An agency's decision satisfies the "substantial evidence" standard if it is supported by "such relevant evidence that a reasonable mind might accept as adequate to support the conclusion." Orteza v. Shalala , 50 F.3d 748, 749 (9th Cir. 1995). The standard requires "more than a mere scintilla but less than a preponderance" of evidence. Id. The IHO may "draw inferences logically flowing from the evidence." Gallant v. Heckler , 753 F.2d 1450, 1453 (9th Cir. 1984). "Where evidence is susceptible of more than one rational interpretation," the IHO's decision must be upheld. Id.
C. The Settlement Act and Associated Regulations
A Navajo applicant is eligible for benefits under the Settlement Act if she was a legal resident of the HPL as of December 22, 1974 and was the head of household at that time. 25 C.F.R. § 700.147(a) ; Begay v. Off. of Navajo & Hopi Indian Relocation , 305 F. Supp. 3d 1040, 1044 (D. Ariz. 2018). The applicant bears the burden of proving both the residency and head-of-household elements. 25 C.F.R. § 700.147(b). Only the residency element is at issue in this case. (Docs. 21 at 1; 25 at 11).

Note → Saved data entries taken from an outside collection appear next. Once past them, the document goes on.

lemma tuple_on_in_tuples_JK_iff:
  assumes "simplicial_complex n D" "J \<in> D" "i \<in> box n a"
  shows "tuple_on J i \<in> tuples_JK n a D J K c \<longleftrightarrow> matches i (tuple_on (J \<inter> K) c)"
proof -
  have "J \<subseteq> {1..n}"
    using assms(1,2) by (auto simp: simplicial_complex_def)
  moreover have "{j. tuple_on J i j \<noteq> None} = J"
    by (simp add: tuple_on_def)
  ultimately have "tuple_on J i \<in> Svars n a D"
    using assms(2,3) unfolding Svars_def by (auto simp: box_def tuple_on_def)
  then show ?thesis
    by (auto simp: tuples_JK_def matches_def tuple_on_def)
qed

lemma sum_xsum_tuples_JK:
  assumes "simplicial_complex n D" "J \<in> D"
  shows "(\<Sum>\<sigma>\<in>tuples_JK n a D J K c. xsum n a \<sigma>) = xsum n a (tuple_on (J \<inter> K) c)"
proof -
  let ?T = "tuples_JK n a D J K c"
  have "(\<Sum>\<sigma>\<in>?T. xsum n a \<sigma>) = (\<Sum>i\<in>box n a. \<Sum>\<sigma>\<in>?T. if \<sigma> = tuple_on J i then var i else 0)"
    unfolding xsum_eq_sum_box by (subst sum.swap) (simp add: matches_tuples_JK_iff cong: sum.cong)
  also have "\<dots> = (\<Sum>i\<in>box n a. if tuple_on J i \<in> ?T then var i else 0)"
    by (simp add: finite_tuples_JK)
  also have "\<dots> = xsum n a (tuple_on (J \<inter> K) c)"
    unfolding xsum_eq_sum_box using assms by (simp add: tuple_on_in_tuples_JK_iff cong: sum.cong)
  finally show ?thesis .
qed

lemma tau_gen_form:
  assumes "simplicial_complex n D" "J \<in> D" "K \<in> D"
  shows "tau n a (gen_form n a D J K c) = 0"
  using assms by (simp add: gen_form_def tau_eq_poly_subst poly_subst_diff poly_subst_sum
      sum_xsum_tuples_JK Int_commute)
theorem lemma3:
  fixes nn :: nat
    and E Et :: "(nat \<times> nat) set"
    and L :: "nat \<Rightarrow> 'l set"
    and dbar :: "'l \<Rightarrow> nat \<Rightarrow> real"
    and M \<gamma> \<kappa> A \<tau> pL :: "nat \<Rightarrow> real"
    and B \<tau>c :: "nat \<times> nat \<Rightarrow> real"
  assumes nn_pos: "nn \<ge> 1"
    and E_conn: "weakly_connected {1..nn} E"
    and E_orient: "\<forall>i j. (i, j) \<in> E \<longrightarrow> (j, i) \<notin> E"
    and Et_conn: "weakly_connected {1..nn} Et"
    and L_fin: "\<forall>j\<in>{1..nn}. finite (L j)"
    and dbar_pos: "\<forall>j\<in>{1..nn}. \<forall>l\<in>L j. dbar l j > 0"
    and pos: "\<forall>j\<in>{1..nn}. M j > 0 \<and> \<gamma> j > 0 \<and> \<kappa> j > 0 \<and> A j > 0 \<and> \<tau> j > 0"
    and B_pos: "\<forall>e\<in>E. B e > 0"
    and \<tau>c_pos: "\<forall>e\<in>Et. \<tau>c e > 0"
  shows "(\<forall>\<sigma> :: 'l \<times> nat \<Rightarrow> real.
            (\<forall>j\<in>{1..nn}. \<forall>l\<in>L j. \<sigma> (l, j) \<in> {0, 1}) \<longrightarrow>
            (\<exists>x. is_equilibrium nn E Et L dbar M \<gamma> \<kappa> A \<tau> pL B \<tau>c \<sigma> x))
       \<and> (\<forall>\<sigma> :: 'l \<times> nat \<Rightarrow> real. \<forall>\<eta> \<omega> pM pc \<psi>.
            (\<forall>j\<in>{1..nn}. \<forall>l\<in>L j. \<sigma> (l, j) \<in> {0, 1}) \<longrightarrow>
            is_equilibrium nn E Et L dbar M \<gamma> \<kappa> A \<tau> pL B \<tau>c \<sigma> (\<eta>, \<omega>, pM, pc, \<psi>) \<longrightarrow>
            (\<forall>j\<in>{1..nn}. \<omega> j = 0) \<and> (\<exists>c. \<forall>j\<in>{1..nn}. pc j = c))"
proof -
  have nonzero: "\<forall>j\<in>{1..nn}. M j \<noteq> 0 \<and> \<gamma> j \<noteq> 0 \<and> \<tau> j \<noteq> 0" "\<forall>e\<in>Et. \<tau>c e \<noteq> 0"
    using pos \<tau>c_pos by force+
  have \<kappa>_pos: "\<forall>j\<in>{1..nn}. \<kappa> j > 0" and A_pos: "\<forall>j\<in>{1..nn}. A j > 0"
    and B_nonzero: "\<forall>e\<in>E. B e \<noteq> 0"
    using pos B_pos by force+
  show ?thesis
    using equilibrium_exists[OF nn_pos E_conn Et_conn \<kappa>_pos B_nonzero nonzero]
      equilibrium_frequency_zero_and_pc_consensus[OF nn_pos E_conn Et_conn A_pos nonzero]
    by blast
qed

end
(*
  Everything is reduced to the prime filter theorem in the form: two meet-closed sets all of
  whose meets are nonzero lie in a common ultrafilter.

  If B is closed under the conditional, let E_B(x, y) and T(x, phi F, x'). Take C = phi G with
  G the filter generated by F \<inter> B; every ultrafilter of C is E_B-equivalent to one of phi F.
  An ultrafilter y' extending both D_y(G) and x' \<inter> B exists: a clash d \<le> -q with q \<in> x' \<inter> B
  would give f \<rightarrow> -q \<in> y for some f \<in> F \<inter> B, and since f \<rightarrow> -q \<in> B it lies in x as
  well, forcing -q \<in> x'.

  Conversely, if c = a \<rightarrow> b \<notin> B, there are E_B-equivalent ultrafilters x and y with
  c \<notin> x and c \<in> y, and an x' with T(x, phi{a..}, x') and b \<notin> x'. The C-equivalence condition
  yields y' with E_B(x', y') and T(y, phi F', y') where phi F' is E_B-below phi{a..}; as a \<in> B
  this forces a \<in> F', hence b \<in> y', and b \<in> B transfers this to x'.
*)
theory Submission
  imports Defs
begin

definition meet_closed :: "'a::boolean_algebra set \<Rightarrow> bool" where
  "meet_closed S \<longleftrightarrow> top \<in> S \<and> (\<forall>a\<in>S. \<forall>b\<in>S. inf a b \<in> S)"

definition up_closure :: "'a::order set \<Rightarrow> 'a set" where
  "up_closure S = {z. \<exists>s\<in>S. s \<le> z}"

lemma subset_up_closure: "S \<subseteq> up_closure S"
  unfolding up_closure_def by blast

lemma ba_filter_imp_meet_closed: "ba_filter F \<Longrightarrow> meet_closed F"
  unfolding ba_filter_def meet_closed_def by blast

lemma ba_filter_atLeast: "ba_filter {a::'a::boolean_algebra..}"
  unfolding ba_filter_def by auto

lemma meet_closed_Int_subalgebra:
  "meet_closed S \<Longrightarrow> boolean_subalgebra B \<Longrightarrow> meet_closed (S \<inter> B)"
  unfolding meet_closed_def boolean_subalgebra_def by blast

lemma ba_filter_up_closure:
  assumes "meet_closed S"
  shows "ba_filter (up_closure S)"
proof -
  have "inf a b \<in> up_closure S" if ab: "a \<in> up_closure S" "b \<in> up_closure S" for a b
  proof -
    obtain s t where "s \<in> S" "s \<le> a" "t \<in> S" "t \<le> b"
      using ab unfolding up_closure_def by blast
    then have "inf s t \<in> S" "inf s t \<le> inf a b"
      using assms by (auto simp: meet_closed_def le_infI1 le_infI2)
    then show ?thesis
      unfolding up_closure_def by blast
  qed
  then show ?thesis
    using assms unfolding ba_filter_def meet_closed_def up_closure_def
    by (auto intro: order_trans)
qed

lemma proper_filter_Union_chain:
  assumes "C \<noteq> {}" "\<forall>F\<in>C. proper_filter F" "chain\<^sub>\<subseteq> C"
  shows "proper_filter (\<Union>C)"
proof -
  have filt: "ba_filter F" "bot \<notin> F" if "F \<in> C" for F
    using assms(2) that unfolding proper_filter_def by blast+
  have "inf a b \<in> \<Union>C" if ab: "a \<in> \<Union>C" "b \<in> \<Union>C" for a b
  proof -
    obtain F G where FG: "F \<in> C" "G \<in> C" "a \<in> F" "b \<in> G"
      using ab by blast
    with assms(3) have "F \<subseteq> G \<or> G \<subseteq> F"
      unfolding chain_subset_def by blast
    then have "inf a b \<in> F \<or> inf a b \<in> G"
      using FG filt(1)[of F] filt(1)[of G] unfolding ba_filter_def by blast
    then show ?thesis
      using FG by blast
  qed
  moreover have "top \<in> \<Union>C"
    using assms(1) filt(1) unfolding ba_filter_def by blast
  moreover have "b \<in> \<Union>C" if "a \<in> \<Union>C" "a \<le> b" for a b
    using that filt(1) unfolding ba_filter_def by blast
  ultimately show ?thesis
    using filt(2) unfolding proper_filter_def ba_filter_def by blast
qed

lemma ex_ultrafilter_superset:
  assumes "proper_filter F"
  shows "\<exists>u\<in>Ul. F \<subseteq> u"
proof -
  let ?P = "{G. proper_filter G \<and> F \<subseteq> G}"
  have "\<exists>U\<in>?P. \<forall>G\<in>C. G \<subseteq> U" if C: "C \<in> chains ?P" for C
  proof (cases "C = {}")
    case True
    with assms show ?thesis by blast
  next
    case False
    have "proper_filter (\<Union>C)"
      using proper_filter_Union_chain[OF False] C unfolding chains_def by blast
    moreover have "F \<subseteq> \<Union>C"
      using False C unfolding chains_def by blast
    ultimately show ?thesis by blast
  qed
  from Zorn_Lemma2[OF ballI[OF this]]
  obtain u where u: "u \<in> ?P" "\<forall>G\<in>?P. u \<subseteq> G \<longrightarrow> G = u"
    by blast
  then have "ultrafilter u"
    unfolding ultrafilter_def by blast
  with u(1) show ?thesis
    unfolding Ul_def by blast
qed

lemma Ul_ba_filter: "u \<in> Ul \<Longrightarrow> ba_filter u"
  unfolding Ul_def ultrafilter_def proper_filter_def by blast

lemma Ul_top: "u \<in> Ul \<Longrightarrow> top \<in> u"
  using Ul_ba_filter unfolding ba_filter_def by blast

lemma Ul_upward: "u \<in> Ul \<Longrightarrow> a \<in> u \<Longrightarrow> a \<le> b \<Longrightarrow> b \<in> u"
  using Ul_ba_filter unfolding ba_filter_def by blast

lemma Ul_inf: "u \<in> Ul \<Longrightarrow> a \<in> u \<Longrightarrow> b \<in> u \<Longrightarrow> inf a b \<in> u"
  using Ul_ba_filter unfolding ba_filter_def by blast

lemma Ul_compl_iff:
  assumes "u \<in> Ul"
  shows "- a \<in> u \<longleftrightarrow> a \<notin> u"
proof
  assume "- a \<in> u"
  moreover have "bot \<notin> u"
    using assms unfolding Ul_def ultrafilter_def proper_filter_def by blast
  ultimately show "a \<notin> u"
    using Ul_inf[OF assms] by fastforce
next
  assume "a \<notin> u"
  show "- a \<in> u"
  proof (rule ccontr)
    assume "- a \<notin> u"
    \<comment> \<open>the filter generated by u and a, proper because -a \<notin> u\<close>
    let ?G = "{z. sup (- a) z \<in> u}"
    have "ba_filter ?G"
      using Ul_top[OF assms] Ul_upward[OF assms] Ul_inf[OF assms]
      unfolding ba_filter_def by (auto simp: sup_inf_distrib1 intro: sup_mono)
    moreover have "bot \<notin> ?G" "u \<subseteq> ?G"
      using \<open>- a \<notin> u\<close> Ul_upward[OF assms] by auto
    ultimately have "?G = u"
      using assms unfolding Ul_def ultrafilter_def proper_filter_def by blast
    moreover have "a \<in> ?G"
      using Ul_top[OF assms] by simp
    ultimately show False
      using \<open>a \<notin> u\<close> by blast
  qed
qed

lemma meet_closed_Ul_Int: "u \<in> Ul \<Longrightarrow> boolean_subalgebra B \<Longrightarrow> meet_closed (u \<inter> B)"
  using Ul_ba_filter ba_filter_imp_meet_closed meet_closed_Int_subalgebra by blast

lemma ex_ultrafilter_joint:
  assumes P: "meet_closed P" and Q: "meet_closed Q" and "\<forall>p\<in>P. \<forall>q\<in>Q. inf p q \<noteq> bot"
  shows "\<exists>u\<in>Ul. P \<subseteq> u \<and> Q \<subseteq> u"
proof -
  define S where "S = {inf p q |p q. p \<in> P \<and> q \<in> Q}"
  have "P \<subseteq> S" "Q \<subseteq> S"
  proof -
    have "top \<in> P" "top \<in> Q"
      using P Q unfolding meet_closed_def by blast+
    then show "P \<subseteq> S" "Q \<subseteq> S"
      unfolding S_def by force+
  qed
  have "meet_closed S"
    unfolding meet_closed_def
  proof (intro conjI ballI)
    show "top \<in> S"
      using \<open>P \<subseteq> S\<close> P unfolding meet_closed_def by blast
    fix s t assume "s \<in> S" "t \<in> S"
    then obtain p q p' q' where pq: "p \<in> P" "q \<in> Q" "p' \<in> P" "q' \<in> Q"
      and st: "s = inf p q" "t = inf p' q'"
      unfolding S_def by blast
    have "inf p p' \<in> P" "inf q q' \<in> Q"
      using pq P Q unfolding meet_closed_def by blast+
    moreover have "inf s t = inf (inf p p') (inf q q')"
      unfolding st by (simp add: inf_aci)
    ultimately show "inf s t \<in> S"
      unfolding S_def by blast
  qed
  moreover have "bot \<notin> up_closure S"
  proof
    assume "bot \<in> up_closure S"
    then obtain p q where "p \<in> P" "q \<in> Q" "inf p q \<le> bot"
      unfolding S_def up_closure_def by blast
    with assms(3) show False
      by (simp add: bot_unique)
  qed
  ultimately have "proper_filter (up_closure S)"
    unfolding proper_filter_def using ba_filter_up_closure by blast
  then obtain u where "u \<in> Ul" "up_closure S \<subseteq> u"
    using ex_ultrafilter_superset by blast
  with \<open>P \<subseteq> S\<close> \<open>Q \<subseteq> S\<close> subset_up_closure[of S] show ?thesis
    by (meson order_trans)
qed

lemma ex_ultrafilter_avoiding:
  assumes "meet_closed P" "\<forall>p\<in>P. \<not> p \<le> c"
  shows "\<exists>u\<in>Ul. P \<subseteq> u \<and> c \<notin> u"
proof -
  have "inf p q \<noteq> bot" if "p \<in> P" "q \<in> {- c..}" for p q
  proof
    assume "inf p q = bot"
    then have "inf p (- c) = bot"
      using that(2) by (metis atLeast_iff bot_unique inf_mono order_refl)
    with that(1) assms(2) show False
      by (simp add: inf_shunt)
  qed
  then obtain u where "u \<in> Ul" "P \<subseteq> u" "- c \<in> u"
    using ex_ultrafilter_joint[OF assms(1) ba_filter_imp_meet_closed[OF ba_filter_atLeast]]
    by blast
  then show ?thesis
    using Ul_compl_iff by blast
qed

lemma imp_mono_right:
  assumes "conditional_algebra imp" "b \<le> c"
  shows "imp a b \<le> imp a c"
proof -
  have "imp a b = inf (imp a b) (imp a c)"
    using assms unfolding conditional_algebra_def by (metis inf_absorb1)
  then show ?thesis
    by (metis inf.orderI)
qed

lemma imp_antimono_left:
  assumes "conditional_algebra imp" "a \<le> a'"
  shows "imp a' c \<le> imp a c"
proof -
  have "imp a' c = imp (sup a a') c"
    using assms(2) by (simp add: sup_absorb2)
  also have "\<dots> \<le> inf (imp a c) (imp a' c)"
    using assms(1) unfolding conditional_algebra_def by blast
  finally show ?thesis
    by simp
qed

lemma meet_closed_D_imp:
  assumes "conditional_algebra imp" "u \<in> Ul" "ba_filter G"
  shows "meet_closed (D_imp imp u G)"
  unfolding meet_closed_def
proof (intro conjI ballI)
  have "imp top top = top" "top \<in> G"
    using assms(1,3) unfolding conditional_algebra_def ba_filter_def by blast+
  then show "top \<in> D_imp imp u G"
    using Ul_top[OF assms(2)] unfolding D_imp_def by force
  fix d e assume "d \<in> D_imp imp u G" "e \<in> D_imp imp u G"
  then obtain a b where ab: "a \<in> G" "imp a d \<in> u" "b \<in> G" "imp b e \<in> u"
    unfolding D_imp_def by blast
  have "imp (inf a b) d \<in> u" "imp (inf a b) e \<in> u"
    using ab Ul_upward[OF assms(2)] imp_antimono_left[OF assms(1)] by (meson inf_le1 inf_le2)+
  then have "imp (inf a b) (inf d e) \<in> u"
    using Ul_inf[OF assms(2)] assms(1) unfolding conditional_algebra_def by metis
  moreover have "inf a b \<in> G"
    using ab assms(3) unfolding ba_filter_def by blast
  ultimately show "inf d e \<in> D_imp imp u G"
    unfolding D_imp_def by blast
qed

lemma D_imp_atLeast:
  assumes "conditional_algebra imp" "u \<in> Ul"
  shows "D_imp imp u {a..} = {b. imp a b \<in> u}"
  using Ul_upward[OF assms(2)] imp_antimono_left[OF assms(1)] unfolding D_imp_def by auto

lemma phi_atLeast: "phi {b..} = {u \<in> Ul. b \<in> u}"
  unfolding phi_def using Ul_upward by auto

lemma stone_closed_phi_atLeast: "stone_closed (phi {b..})"
  unfolding stone_closed_def using ba_filter_atLeast by blast

lemma clopen_phi_atLeast: "clopen_in Ul stone_closed (phi {b..})"
proof -
  have "Ul - phi {b..} = phi {- b..}"
    unfolding phi_atLeast using Ul_compl_iff by blast
  then show ?thesis
    unfolding clopen_in_def using stone_closed_phi_atLeast phi_atLeast by auto
qed

lemma E_B_iff_subset:
  assumes "u \<in> Ul" "w \<in> Ul" "boolean_subalgebra B"
  shows "(u, w) \<in> E_B B \<longleftrightarrow> u \<inter> B \<subseteq> w"
proof
  assume "u \<inter> B \<subseteq> w"
  moreover have "w \<inter> B \<subseteq> u"
  proof
    fix b assume "b \<in> w \<inter> B"
    moreover have "- b \<in> B"
      using \<open>b \<in> w \<inter> B\<close> assms(3) unfolding boolean_subalgebra_def by blast
    ultimately show "b \<in> u"
      using \<open>u \<inter> B \<subseteq> w\<close> Ul_compl_iff[OF assms(1)] Ul_compl_iff[OF assms(2)] by blast
  qed
  ultimately show "(u, w) \<in> E_B B"
    using assms unfolding E_B_def by blast
qed (auto simp: E_B_def)
lemma comm_group_twisted_sum: "comm_group E"
proof -
  have closed: "(C, t) \<otimes>\<^bsub>E\<^esub> (D, s) \<in> carrier E"
    and comm: "(C, t) \<otimes>\<^bsub>E\<^esub> (D, s) = (D, s) \<otimes>\<^bsub>E\<^esub> (C, t)"
    if "C \<in> carrier W" "t \<in> tors2 G" "D \<in> carrier W" "s \<in> tors2 G" for C t D s
    using that by (simp_all add: carrier_twisted_sum mult_twisted_sum rcos_form_closed tors2_mult
        form_sym W.m_comm m_comm tors2_carrier)
  have l_one: "(\<one>\<^bsub>W\<^esub>, \<one>) \<otimes>\<^bsub>E\<^esub> (C, t) = (C, t)" if C: "C \<in> carrier W" and t: "t \<in> tors2 G" for C t
    using C t tors2_carrier one_tors2 form_left[OF one_tors2 one_tors2 t]
    by (simp add: mult_twisted_sum form_tors2 rcos_twoG_one)
  have l_inv: "\<exists>y\<in>carrier E. y \<otimes>\<^bsub>E\<^esub> (C, t) = \<one>\<^bsub>E\<^esub>" if C: "C \<in> carrier W" and t: "t \<in> tors2 G" for C t
  proof -
    let ?D = "inv\<^bsub>W\<^esub> (C \<otimes>\<^bsub>W\<^esub> (twoG G #> t))"
    have "?D \<in> carrier W" using C t tors2_carrier rcos_twoG_closed by simp
    moreover have "(?D, t) \<otimes>\<^bsub>E\<^esub> (C, t) = \<one>\<^bsub>E\<^esub>"
      using C t tors2_carrier rcos_twoG_closed
      by (simp add: mult_twisted_sum one_twisted_sum form_diag tors2_sq W.m_assoc)
    ultimately show ?thesis using t by (auto simp: carrier_twisted_sum)
  qed
  show ?thesis
  proof (rule comm_groupI)
    show "x \<otimes>\<^bsub>E\<^esub> y \<in> carrier E" "x \<otimes>\<^bsub>E\<^esub> y = y \<otimes>\<^bsub>E\<^esub> x"
      if "x \<in> carrier E" "y \<in> carrier E" for x y
      using that closed comm by (auto simp: carrier_twisted_sum)
    show "x \<otimes>\<^bsub>E\<^esub> y \<otimes>\<^bsub>E\<^esub> z = x \<otimes>\<^bsub>E\<^esub> (y \<otimes>\<^bsub>E\<^esub> z)"
      if "x \<in> carrier E" "y \<in> carrier E" "z \<in> carrier E" for x y z
      using that twisted_sum_assoc by (auto simp: carrier_twisted_sum)
    show "\<one>\<^bsub>E\<^esub> \<otimes>\<^bsub>E\<^esub> x = x" "\<exists>y\<in>carrier E. y \<otimes>\<^bsub>E\<^esub> x = \<one>\<^bsub>E\<^esub>" if "x \<in> carrier E" for x
      using that l_one l_inv by (auto simp: carrier_twisted_sum one_twisted_sum)
  qed (simp add: carrier_twisted_sum one_twisted_sum one_tors2)
qed
lemma lagrange_inversion_residue:
  fixes \<phi> \<psi> :: "symf fps"
  assumes inv: "\<phi> * \<psi> = 1"
  shows "(\<phi> ^ Suc p * fps_deriv (fps_X * \<psi>)) $ p = (if p = 0 then 1 else 0)"
proof -
  have "\<phi> ^ Suc p * \<psi> = \<phi> ^ p" using inv by (simp add: power_Suc2 mult.assoc)
  then have split: "\<phi> ^ Suc p * fps_deriv (fps_X * \<psi>) = \<phi> ^ p + fps_X * (\<phi> ^ Suc p * fps_deriv \<psi>)"
    by (simp add: distrib_left mult.left_commute)
  show ?thesis
  proof (cases p)
    case 0
    then show ?thesis using arg_cong[OF inv, of "\<lambda>f. f $ 0"] by (simp add: split)
  next
    case (Suc q)
    have deriv: "\<phi> * fps_deriv \<psi> = - (fps_deriv \<phi> * \<psi>)"
      using arg_cong[OF inv, of fps_deriv] by (simp add: eq_neg_iff_add_eq_0 add.commute)
    have "\<phi> ^ Suc p * fps_deriv \<psi> = \<phi> ^ Suc q * (\<phi> * fps_deriv \<psi>)"
      by (simp add: Suc mult_ac)
    also have "\<dots> = - (\<phi> ^ q * fps_deriv \<phi> * (\<phi> * \<psi>))"
      by (simp add: deriv mult_ac)
    finally have "\<phi> ^ Suc p * fps_deriv \<psi> = - (\<phi> ^ q * fps_deriv \<phi>)" using inv by simp
    then have "(\<phi> ^ Suc p * fps_deriv (fps_X * \<psi>)) $ p =
        (\<phi> ^ Suc q) $ Suc q - (\<phi> ^ q * fps_deriv \<phi>) $ q"
      by (simp only: split fps_add_nth) (simp add: Suc)
    then show ?thesis using fps_power_mult_deriv_nth[of \<phi> q] by (simp add: Suc)
  qed
qed

lemma lagrange_inversion:
  fixes \<phi> \<psi> H :: "symf fps"
  assumes inv: "\<phi> * \<psi> = 1" and H: "H oo (fps_X * \<psi>) = fps_X"
  shows "of_nat (Suc m) * H $ Suc m = (\<phi> ^ Suc m) $ m"
proof -
  define G where "G = fps_X * \<psi>"
  have G0: "G $ 0 = 0" by (simp add: G_def)
  have "fps_deriv (H oo G) = 1" using H by (simp add: G_def)
  then have dd: "(fps_deriv H oo G) * fps_deriv G = 1" using fps_compose_deriv[OF G0, of H] by simp
  have "\<phi> ^ Suc m = ((fps_deriv H oo G) * fps_deriv G) * \<phi> ^ Suc m" by (simp only: dd mult_1_left)
  then have "(\<phi> ^ Suc m) $ m = ((fps_deriv H oo G) * (fps_deriv G * \<phi> ^ Suc m)) $ m"
    by (simp only: mult.assoc)
  also have "\<dots> = (\<Sum>j\<in>{0..m}. fps_deriv H $ j * (G ^ j * (fps_deriv G * \<phi> ^ Suc m)) $ m)"
    by (rule fps_compose_mult_nth[OF G0])
  also have "\<dots> = (\<Sum>j\<in>{0..m}. fps_deriv H $ j * (if j = m then 1 else 0))"
  proof (rule sum.cong[OF refl])
    fix j assume j: "j \<in> {0..m}"
    have pow: "G ^ j * \<phi> ^ Suc m = fps_X ^ j * \<phi> ^ Suc (m - j)"
      unfolding G_def using power_X_mult_inverse[OF inv, of j "Suc m"] j by (simp add: Suc_diff_le)
    have "G ^ j * (fps_deriv G * \<phi> ^ Suc m) = fps_X ^ j * (\<phi> ^ Suc (m - j) * fps_deriv G)"
    proof -
      have "G ^ j * (fps_deriv G * \<phi> ^ Suc m) = (G ^ j * \<phi> ^ Suc m) * fps_deriv G"
        by (simp only: ac_simps)
      then show ?thesis by (simp only: pow mult.assoc)
    qed
    then have "(G ^ j * (fps_deriv G * \<phi> ^ Suc m)) $ m =
        (fps_X ^ j * (\<phi> ^ Suc (m - j) * fps_deriv G)) $ m"
      by (rule arg_cong[where f="\<lambda>x. x $ m"])
    also have "\<dots> = (\<phi> ^ Suc (m - j) * fps_deriv G) $ (m - j)"
      using j by (simp only: fps_X_power_mult_nth) simp
    also have "\<dots> = (if j = m then 1 else 0)"
      unfolding G_def using lagrange_inversion_residue[OF inv, of "m - j"] j by auto
    finally show "fps_deriv H $ j * (G ^ j * (fps_deriv G * \<phi> ^ Suc m)) $ m =
        fps_deriv H $ j * (if j = m then 1 else 0)" by simp
  qed
  also have "\<dots> = of_nat (Suc m) * H $ Suc m"
    by (simp add: if_distrib[of "(*) _"] cong: if_cong)
  finally show ?thesis by simp
qed

function left_inverse_coeff :: "'a::comm_ring_1 fps \<Rightarrow> nat \<Rightarrow> 'a" where
  "left_inverse_coeff G n = (if n = 0 then 0 else
     (if n = 1 then 1 else 0) - (\<Sum>j<n. left_inverse_coeff G j * (G ^ j) $ n))"
  by auto
termination by (relation "measure snd") auto

lemma left_inverse_exists:
  fixes G :: "'a::comm_ring_1 fps"
  assumes G0: "G $ 0 = 0" and G1: "G $ 1 = 1"
  shows "\<exists>H. H $ 0 = 0 \<and> H oo G = fps_X"
proof (intro exI conjI)
  define H where "H = Abs_fps (left_inverse_coeff G)"
  show "H $ 0 = 0" by (simp add: H_def)
  show "H oo G = fps_X"
  proof (rule fps_ext)
    fix n
    show "(H oo G) $ n = fps_X $ n"
    proof (cases "n = 0")
      case False
      have "(H oo G) $ n =
          (\<Sum>j\<in>{0..<n}. left_inverse_coeff G j * (G ^ j) $ n) + left_inverse_coeff G n * (G ^ n) $ n"
        by (simp add: fps_compose_nth H_def atLeastLessThanSuc_atLeastAtMost[symmetric])
      moreover have "(G ^ n) $ n = 1" using startsby_zero_power_nth_same[OF G0, of n] G1 by simp
      ultimately show ?thesis using False by (simp add: atLeast0LessThan fps_X_def)
    qed (simp add: H_def)
  qed
qed

text \<open>A left inverse of a series without constant term and with linear coefficient 1 is also a
  right inverse: it has a left inverse of its own, which must then be the original series.\<close>

lemma fps_left_inverse_imp_right_inverse:
  fixes F G :: "'a::idom fps"
  assumes F0: "F $ 0 = 0" and F1: "F $ 1 = 1" and G0: "G $ 0 = 0" and FG: "F oo G = fps_X"
  shows "G oo F = fps_X"
proof -
  obtain M where M0: "M $ 0 = 0" and MF: "M oo F = fps_X" using left_inverse_exists[OF F0 F1] by blast
  have "G = (M oo F) oo G" by (simp add: MF G0)
  also have "\<dots> = M oo (F oo G)" by (rule fps_compose_assoc[symmetric, OF G0 F0])
  also have "\<dots> = M" by (simp add: FG)
  finally show ?thesis using MF by simp
qed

Under the applicable regulations, determining an applicant's residence "requires an examination of a person's intent to reside combined with manifestations of that intent." 49 Fed. Reg. 22,278 ; see also Charles v. Off. of Navajo & Hopi Indian Relocation , 774 Fed. Appx. 389, 390 (9th Cir. 2019). Such manifestations of intent may include ownership of livestock, ownership of improvements, grazing permits, livestock sales receipts, homesite leases, medical records, school records, employment records, mailing address records, banking records, voting records, census data, court records, the Joint Use Area roster, and any other relevant data. 49 Fed. Reg. 22, 278. An applicant "qualifies as a legal resident of the land if she was using it for traditional activities." Shaw v. Off. of Navajo & Hopi Indian Relocation , 860 Fed.Appx. 493, 494 (9th Cir. 2021).
III. DISCUSSION
A. Additional Documents Not in the Record
As an initial matter, the parties disagree on what documents the Court should consider as part of the administrative record. Plaintiffs attach eight exhibits to their Motion for Summary Judgment (Doc. 21-1), which Defendant argues is improper because they were not part of the administrative record. (Doc. 25 at 7–8).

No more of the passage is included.